The administration of the tax itself, we have estimated at $100,000 for us plus a one-time $50,000. For the hotel owners themselves, there will be some costs but as one hotel owner told me, for most of them it is just the press of a key. We are prepared to work with them to get the software that is necessary. I am not going to go through the statistics on how much money it will raise and so on because we will never know how much it will cost until we do it because every hotel owner operates as an independent and they are not going to share a whole bunch of information with us and with their competitors.
The bill itself that we are proposing adds five percent on hotel room charges only. It applies to Government of the Northwest Territories and federal employees. That is fair. We will pay our share the same as everyone else does. Lodges, as I said, are treated differently. There is a formula for how they will be treated. This formula is based largely on the way the tax is managed in BC and Alberta.
There is research that shows that the tax will not make a difference at five percent to tourists. They will not go away because of a five percent charge. We have asked tourists who were here last summer and all of them I believe without exception said no, it would not make any difference. If they were planning to come here, they would come here anyway. Five dollars or seven dollars a night difference is not going to change their mind about where they go.
The administration cost for us is not going to be as bad as some people think it might be. The intention is to build up our capacity at the regional level. I mean every region. We will collect the tax from every region.
However, we do need training. The tourism training program has fallen by the wayside recently. We need to get that up. We need an ability to get programs back in place. That is the purpose of this tax.
If we do not achieve the objectives within three years, I have made the commitment to industry that we would repeal it. If we cannot show that this makes a difference in three years time, then we do not intend to have this thing continue. It is not a tax that is going to end up staying in government revenues. Every dollar of it will be identified. Every dollar of it will go back into the industry.
I just want to say in closing that we are on the verge of a tremendous opportunity. We have a huge industry that is growing. It is the biggest, fastest growing industry in the world. It is $425 billion and we should be getting a bigger share of it here than we are.
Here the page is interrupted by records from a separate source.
(* For every $\phi\in L^1(\mathbb{R}_+)$, $f\in L^\infty(\mathbb{R}_+)$ and $\omega\in\Omega^*$, \[\omega\text{-}\lim_x\int_0^x f(t)\phi(x-t)\,dt = \int_0^\infty f_\omega(-t)\phi(t)\,dt.\]
   Context: $\mathbb{R}_+=[0,\infty)$; functions are complex-valued. Let $\beta\mathbb{N}$ be the Stone–Čech compactification of $\mathbb{N}$, $\mathbb{N}^*=\beta\mathbb{N}\setminus\mathbb{N}$, $\tau$ the continuous extension of $n\mapsto n+1$. $\Omega$ is the quotient of $\beta\mathbb{N}\times[0,1]$ identifying $(\eta,1)$ with $(\tau\eta,0)$; $\Omega^*$ consists of classes $(\eta,u)$ with $\eta\in\mathbb{N}^*$; $\tau^s(\eta,u)=(\tau^{[u+s]}\eta,u+s-[u+s])$. Each $\omega=(\eta,u)$ is identified with the ultrafilter on $\mathbb{R}_+$ generated by $\{u+A:A\in\eta\}$, and $\omega\text{-}\lim_x g(x)$ is the limit of a bounded function $g$ along this ultrafilter. For $f\in L^\infty(\mathbb{R}_+)$, $f_\omega := \omega\text{-}\lim_s f(\cdot+s)$ in the weak* topology of $L^\infty(\mathbb{R}_+)$, extended to $L^\infty(\mathbb{R})$ by $f_\omega(x) = f_{\tau^{-N}\omega}(N+x)$ for $x\in[-N,0]$, $N>0$. *)

theory Defs
  imports "HOL-Analysis.Analysis"
begin

text \<open>Points of the Stone-Cech compactification of the naturals are ultrafilters on nat;
  N* consists of the free (non-principal) ones.\<close>

definition nat_ultrafilter :: "nat filter \<Rightarrow> bool" where
  "nat_ultrafilter F \<longleftrightarrow> F \<noteq> bot \<and> (\<forall>P. eventually P F \<or> eventually (\<lambda>n. \<not> P n) F)"

definition in_Nstar :: "nat filter \<Rightarrow> bool" where
  "in_Nstar \<eta> \<longleftrightarrow> nat_ultrafilter \<eta> \<and> (\<forall>n. \<eta> \<noteq> principal {n})"

text \<open>A point of Omega is represented by its canonical representative (eta, u) with 0 <= u < 1
  (the class of (eta,1) is represented by (tau eta, 0)).\<close>

type_synonym omega = "nat filter \<times> real"

definition Omega_star :: "omega set" where
  "Omega_star = {(\<eta>, u). in_Nstar \<eta> \<and> 0 \<le> u \<and> u < 1}"

text \<open>Integer powers of tau on N*: the continuous extension of n |-> n + k (for k < 0 this is the
  inverse of tau^(-k) on N*, since free ultrafilters contain all cofinite sets).\<close>

definition tau_pow :: "int \<Rightarrow> nat filter \<Rightarrow> nat filter" where
  "tau_pow k \<eta> = filtermap (\<lambda>n. nat (int n + k)) \<eta>"

definition tau :: "real \<Rightarrow> omega \<Rightarrow> omega" where
  "tau s \<omega> = (tau_pow \<lfloor>snd \<omega> + s\<rfloor> (fst \<omega>), snd \<omega> + s - of_int \<lfloor>snd \<omega> + s\<rfloor>)"

definition omega_filter :: "omega \<Rightarrow> real filter" where
  "omega_filter \<omega> = filtermap (\<lambda>n. snd \<omega> + real n) (fst \<omega>)"

definition omega_lim :: "omega \<Rightarrow> (real \<Rightarrow> 'a::t2_space) \<Rightarrow> 'a" where
  "omega_lim \<omega> g = Lim (omega_filter \<omega>) g"

definition L1_plus :: "(real \<Rightarrow> complex) \<Rightarrow> bool" where
  "L1_plus \<phi> \<longleftrightarrow> set_integrable lborel {0..} \<phi>"

definition Linf_plus :: "(real \<Rightarrow> complex) \<Rightarrow> bool" where
  "Linf_plus f \<longleftrightarrow> set_borel_measurable lborel {0..} f \<and>
     (\<exists>C. AE t in lborel. t \<in> {0..} \<longrightarrow> norm (f t) \<le> C)"

definition Linf_real :: "(real \<Rightarrow> complex) \<Rightarrow> bool" where
  "Linf_real g \<longleftrightarrow> g \<in> borel_measurable lborel \<and> (\<exists>C. AE t in lborel. norm (g t) \<le> C)"

text \<open>h represents f_omega in L^inf(R+): the weak* limit of f(. + s) along omega.\<close>

definition is_f_omega_plus :: "(real \<Rightarrow> complex) \<Rightarrow> omega \<Rightarrow> (real \<Rightarrow> complex) \<Rightarrow> bool" where
  "is_f_omega_plus f \<omega> h \<longleftrightarrow> Linf_plus h \<and>
     (\<forall>\<phi>. L1_plus \<phi> \<longrightarrow>
        ((\<lambda>s. LINT t:{0..}|lborel. f (t + s) * \<phi> t) \<longlongrightarrow> (LINT t:{0..}|lborel. h t * \<phi> t))
          (omega_filter \<omega>))"

text \<open>g represents f_omega in L^inf(R), extended by f_omega(x) = f_(tau^(-N) omega)(N + x)
  for x in [-N, 0].\<close>

definition is_f_omega :: "(real \<Rightarrow> complex) \<Rightarrow> omega \<Rightarrow> (real \<Rightarrow> complex) \<Rightarrow> bool" where
  "is_f_omega f \<omega> g \<longleftrightarrow> Linf_real g \<and> is_f_omega_plus f \<omega> g \<and>
     (\<forall>N>0. \<exists>h. is_f_omega_plus f (tau (- N) \<omega>) h \<and>
        (AE x in lborel. x \<in> {- N..0} \<longrightarrow> g x = h (N + x)))"

end

theory Submission
  imports Defs
begin

(* Substituting s = x - t, the convolution becomes the integral of f (x - s) * phi s over [0, x].
   Cut it off at s = M: the piece over [0, M] equals the integral over t >= 0 of
   f (t + (x - M)) * phi (M - t), so as x runs along omega, x - M runs along tau (- M) omega and
   the piece converges to the integral of f_(tau (- M) omega) t * phi (M - t) over [0, M], which
   by the defining extension of f_omega is the integral of f_omega (- s) * phi s over [0, M].
   The two pieces over s > M are bounded by a common sup-norm bound times the L1-tail of phi beyond
   M, uniformly in x, so letting M tend to infinity gives the claim. *)

lemma in_Nstar_eventually_neq:
  assumes "in_Nstar \<eta>"
  shows "eventually (\<lambda>n. n \<noteq> m) \<eta>"
proof (rule ccontr)
  assume "\<not> eventually (\<lambda>n. n \<noteq> m) \<eta>"
  with assms have eq: "eventually (\<lambda>n. n = m) \<eta>" and nontriv: "\<eta> \<noteq> bot"
    unfolding in_Nstar_def nat_ultrafilter_def by auto
  have "eventually P \<eta> \<longleftrightarrow> P m" for P
  proof
    assume "eventually P \<eta>"
    with eq have "eventually (\<lambda>_. P m) \<eta>"
      by eventually_elim simp
    with nontriv show "P m"
      by (simp add: eventually_const_iff)
  qed (use eq in \<open>auto elim: eventually_mono\<close>)
  then have "\<eta> = principal {m}"
    by (simp add: filter_eq_iff eventually_principal)
  with assms show False
    unfolding in_Nstar_def by simp
qed

lemma in_Nstar_eventually_ge:
  assumes "in_Nstar \<eta>"
  shows "eventually (\<lambda>n. m \<le> n) \<eta>"
proof -
  have "eventually (\<lambda>n. \<forall>k\<in>{..<m}. n \<noteq> k) \<eta>"
    using in_Nstar_eventually_neq[OF assms] by (simp add: eventually_ball_finite)
  then show ?thesis
    by eventually_elim (auto simp flip: not_less)
qed

lemma omega_filter_neq_bot:
  assumes "\<omega> \<in> Omega_star"
  shows "omega_filter \<omega> \<noteq> bot"
  using assms unfolding Omega_star_def in_Nstar_def nat_ultrafilter_def omega_filter_def
  by (auto simp: filtermap_bot_iff)

lemma eventually_ge_omega_filter:
  assumes "\<omega> \<in> Omega_star"
  shows "eventually (\<lambda>x. B \<le> x) (omega_filter \<omega>)"
proof -
  obtain \<eta> u where \<omega>: "\<omega> = (\<eta>, u)" "in_Nstar \<eta>" "0 \<le> u"
    using assms unfolding Omega_star_def by auto
  have "eventually (\<lambda>n. nat \<lceil>B\<rceil> \<le> n) \<eta>"
    using \<omega>(2) by (rule in_Nstar_eventually_ge)
  then have "eventually (\<lambda>n. B \<le> u + real n) \<eta>"
    by eventually_elim (use \<omega>(3) real_nat_ceiling_ge[of B] in \<open>linarith\<close>)
  then show ?thesis
    unfolding omega_filter_def \<omega> by (simp add: eventually_filtermap)
qed

lemma filterlim_omega_filter_shift:
  assumes "\<omega> \<in> Omega_star"
  shows "filterlim (\<lambda>x. x - M) (omega_filter (tau (- M) \<omega>)) (omega_filter \<omega>)"
proof -
  obtain \<eta> u where \<omega>: "\<omega> = (\<eta>, u)" "in_Nstar \<eta>"
    using assms unfolding Omega_star_def by auto
  define k where "k = \<lfloor>u - M\<rfloor>"
  define shift where "shift n = u - M - of_int k + real (nat (int n + k))" for n
  have shifted: "omega_filter (tau (- M) \<omega>) = filtermap shift \<eta>"
    unfolding omega_filter_def tau_def tau_pow_def \<omega> k_def shift_def
    by (simp add: filtermap_filtermap)
  have "eventually (\<lambda>n. shift n = u + real n - M) \<eta>"
    using in_Nstar_eventually_ge[OF \<omega>(2), of "nat (- k)"]
    by eventually_elim (simp add: shift_def)
  moreover have "filterlim shift (filtermap shift \<eta>) \<eta>"
    by (simp add: filterlim_def)
  ultimately have "filterlim (\<lambda>n. u + real n - M) (omega_filter (tau (- M) \<omega>)) \<eta>"
    unfolding shifted by (rule filterlim_cong[OF refl refl, THEN iffD1])
  then show ?thesis
    unfolding \<omega> omega_filter_def filterlim_filtermap by simp
qed

lemma is_f_omega_plus_tendsto_shifted:
  assumes "\<omega> \<in> Omega_star" and "is_f_omega_plus f (tau (- M) \<omega>) h" and "L1_plus \<psi>"
  shows "((\<lambda>x. LINT t:{0..}|lborel. f (t + (x - M)) * \<psi> t) \<longlongrightarrow> (LINT t:{0..}|lborel. h t * \<psi> t))
           (omega_filter \<omega>)"
  using assms(2,3) filterlim_compose[OF _ filterlim_omega_filter_shift[OF assms(1)]]
  unfolding is_f_omega_plus_def by blast

lemma tendsto_by_approximation:
  fixes a :: "'b \<Rightarrow> 'a::metric_space"
  assumes "G \<noteq> bot" and "(\<delta> \<longlongrightarrow> 0) G"
    and "\<forall>\<^sub>F M in G. (\<forall>\<^sub>F x in F. dist (a x) (a' M x) \<le> \<delta> M) \<and> dist b (b' M) \<le> \<delta> M
                     \<and> (a' M \<longlongrightarrow> b' M) F"
  shows "(a \<longlongrightarrow> b) F"
proof (rule tendstoI)
  fix e :: real
  assume "0 < e"
  then have "\<forall>\<^sub>F M in G. \<delta> M < e / 3"
    by (intro order_tendstoD(2)[OF assms(2)]) simp
  with assms(3) have "\<forall>\<^sub>F M in G. \<delta> M < e / 3 \<and> (\<forall>\<^sub>F x in F. dist (a x) (a' M x) \<le> \<delta> M)
                          \<and> dist b (b' M) \<le> \<delta> M \<and> (a' M \<longlongrightarrow> b' M) F"
    by eventually_elim blast
  then obtain M where M: "\<delta> M < e / 3" "\<forall>\<^sub>F x in F. dist (a x) (a' M x) \<le> \<delta> M"
      "dist b (b' M) \<le> \<delta> M" "(a' M \<longlongrightarrow> b' M) F"
    using eventually_happens'[OF assms(1)] by blast
  have "\<forall>\<^sub>F x in F. dist (a' M x) (b' M) < e / 3"
    by (intro tendstoD[OF M(4)]) (use \<open>0 < e\<close> in simp)
  with M(2) show "\<forall>\<^sub>F x in F. dist (a x) b < e"
  proof eventually_elim
    case (elim x)
    have "dist (a x) b \<le> dist (a x) (a' M x) + dist (a' M x) (b' M) + dist b (b' M)"
      using dist_triangle[of "a x" b "a' M x"] dist_triangle[of "a' M x" b "b' M"] dist_commute[of b "b' M"]
      by linarith
    with elim M(1,3) show ?case
      by linarith
  qed
qed

lemma set_lebesgue_integral_cong_AE':
  fixes f g :: "'a \<Rightarrow> 'b::{banach, second_countable_topology}"
  assumes "set_borel_measurable M A f" "set_borel_measurable M A g"
    and "AE x in M. x \<in> A \<longrightarrow> f x = g x"
  shows "(LINT x:A|M. f x) = (LINT x:A|M. g x)"
  unfolding set_lebesgue_integral_def
  using assms unfolding set_borel_measurable_def
  by (intro integral_cong_AE) (auto elim: eventually_mono simp: indicator_def)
All I am asking of you is work with me. If the hotel tax is not the way to do it, do not just sit back and say we do not support it, stop it and then we go back to the same status quo we have right now. That is not the answer to our challenge in the tourism industry. We need to work together on that. Industry has told me they are ready to work with me. I think every letter and every conversation I have had has indicated the industry out there, including the hotel industry, want to work with us in finding a way of boosting our tourism industry. We need to work together. I believe if industry can cooperate, if industry wants to work on this, then let us as a government work together here and get this side of our economy going.
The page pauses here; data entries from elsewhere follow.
(* Let $r:\mathbb{R}^2\to\mathbb{R}$ be a positive reference image and $s:\mathbb{R}^2\to\mathbb{R}$ a signed image, with Radon transform $\widetilde s(t,\theta)$ and RSCDT $\widehat s(t,\theta)$ with respect to $r$. Let $x_0,y_0\in\mathbb{R}$ and $s_1(x_1,x_2)=s(x_1-x_0,x_2-y_0)$. Then for every $\theta\in[0,\pi]$ the RSCDT of $s_1$ is $$\widehat{s_1}(t,\theta)=\Big((g^\theta)^{-1}\circ(\widetilde s^{+})^\star(t,\theta),\ \|\widetilde s^{+}(\cdot,\theta)\|_1,\ (g^\theta)^{-1}\circ(\widetilde s^{-})^\star(t,\theta),\ \|\widetilde s^{-}(\cdot,\theta)\|_1\Big),$$ where $g^\theta(t)=t-x_0\cos\theta-y_0\sin\theta$.
   Context: Radon transform: $\widetilde s(t,\theta)=\int_{\mathbb{R}^2}s(\mathbf{x})\delta(t-\mathbf{x}\cdot\xi_\theta)\,d\mathbf{x}$ with $\xi_\theta=(\cos\theta,\sin\theta)^T$. For nonnegative integrable $p$ on $\mathbb{R}$, $F_p(x)=\int_{-\infty}^x p(u)\,du$ and $F^\dagger(y)=\inf\{x:F(x)>y\}$. SCDT of a signed 1D signal $f$ with respect to positive reference $\rho$: with $f^+=\max\{0,f\}$, $f^-=\max\{0,-f\}$, set $(f^\pm)^\star=F^\dagger_{f^\pm/\|f^\pm\|_1}\circ F_{\rho/\|\rho\|_1}$ if $f^\pm\neq0$ and $(f^\pm)^\star=0$ if $f^\pm=0$; $\mathrm{SCDT}_\rho(f)=((f^+)^\star,\|f^+\|_1,(f^-)^\star,\|f^-\|_1)$. RSCDT of $s$ w.r.t. $r$: $\widehat s(\cdot,\theta)=\mathrm{SCDT}_{\widetilde r(\cdot,\theta)}(\widetilde s(\cdot,\theta))=\big((\widetilde s^+)^\star(\cdot,\theta),\|\widetilde s^+(\cdot,\theta)\|_1,(\widetilde s^-)^\star(\cdot,\theta),\|\widetilde s^-(\cdot,\theta)\|_1\big)$ for each $\theta\in[0,\pi]$. *)

theory Defs
  imports "HOL-Analysis.Analysis"
begin

text \<open>Radon transform: integral of s over the line x \<cdot> xi_theta = t, parametrised by
  arc length u along the direction xi_theta-perp = (-sin theta, cos theta).\<close>
definition radon :: "(real \<times> real \<Rightarrow> real) \<Rightarrow> real \<Rightarrow> real \<Rightarrow> real" where
  "radon s t \<theta> = (LINT u|lborel. s (t * cos \<theta> - u * sin \<theta>, t * sin \<theta> + u * cos \<theta>))"

definition cdf :: "(real \<Rightarrow> real) \<Rightarrow> real \<Rightarrow> real" where
  "cdf p x = (LINT u:{..x}|lborel. p u)"

definition gen_inv :: "(real \<Rightarrow> real) \<Rightarrow> real \<Rightarrow> real" where
  "gen_inv F y = Inf {x. F x > y}"

definition l1norm :: "(real \<Rightarrow> real) \<Rightarrow> real" where
  "l1norm f = (LINT u|lborel. \<bar>f u\<bar>)"

definition pos_part :: "(real \<Rightarrow> real) \<Rightarrow> real \<Rightarrow> real" where
  "pos_part f = (\<lambda>t. max 0 (f t))"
The big winners are all over. It is the big centres, like Yellowknife. It is also the little communities. It is the people who have been living their lives for hundreds of years off the land who can link into tourism. It is the airline industry. It is all parts. It has much more potential than anything else we do in this Territory. So all I am saying to you is let us work together on this. I think it is a huge opportunity. Now is the time to get on with it. Thank you, Mr. Speaker.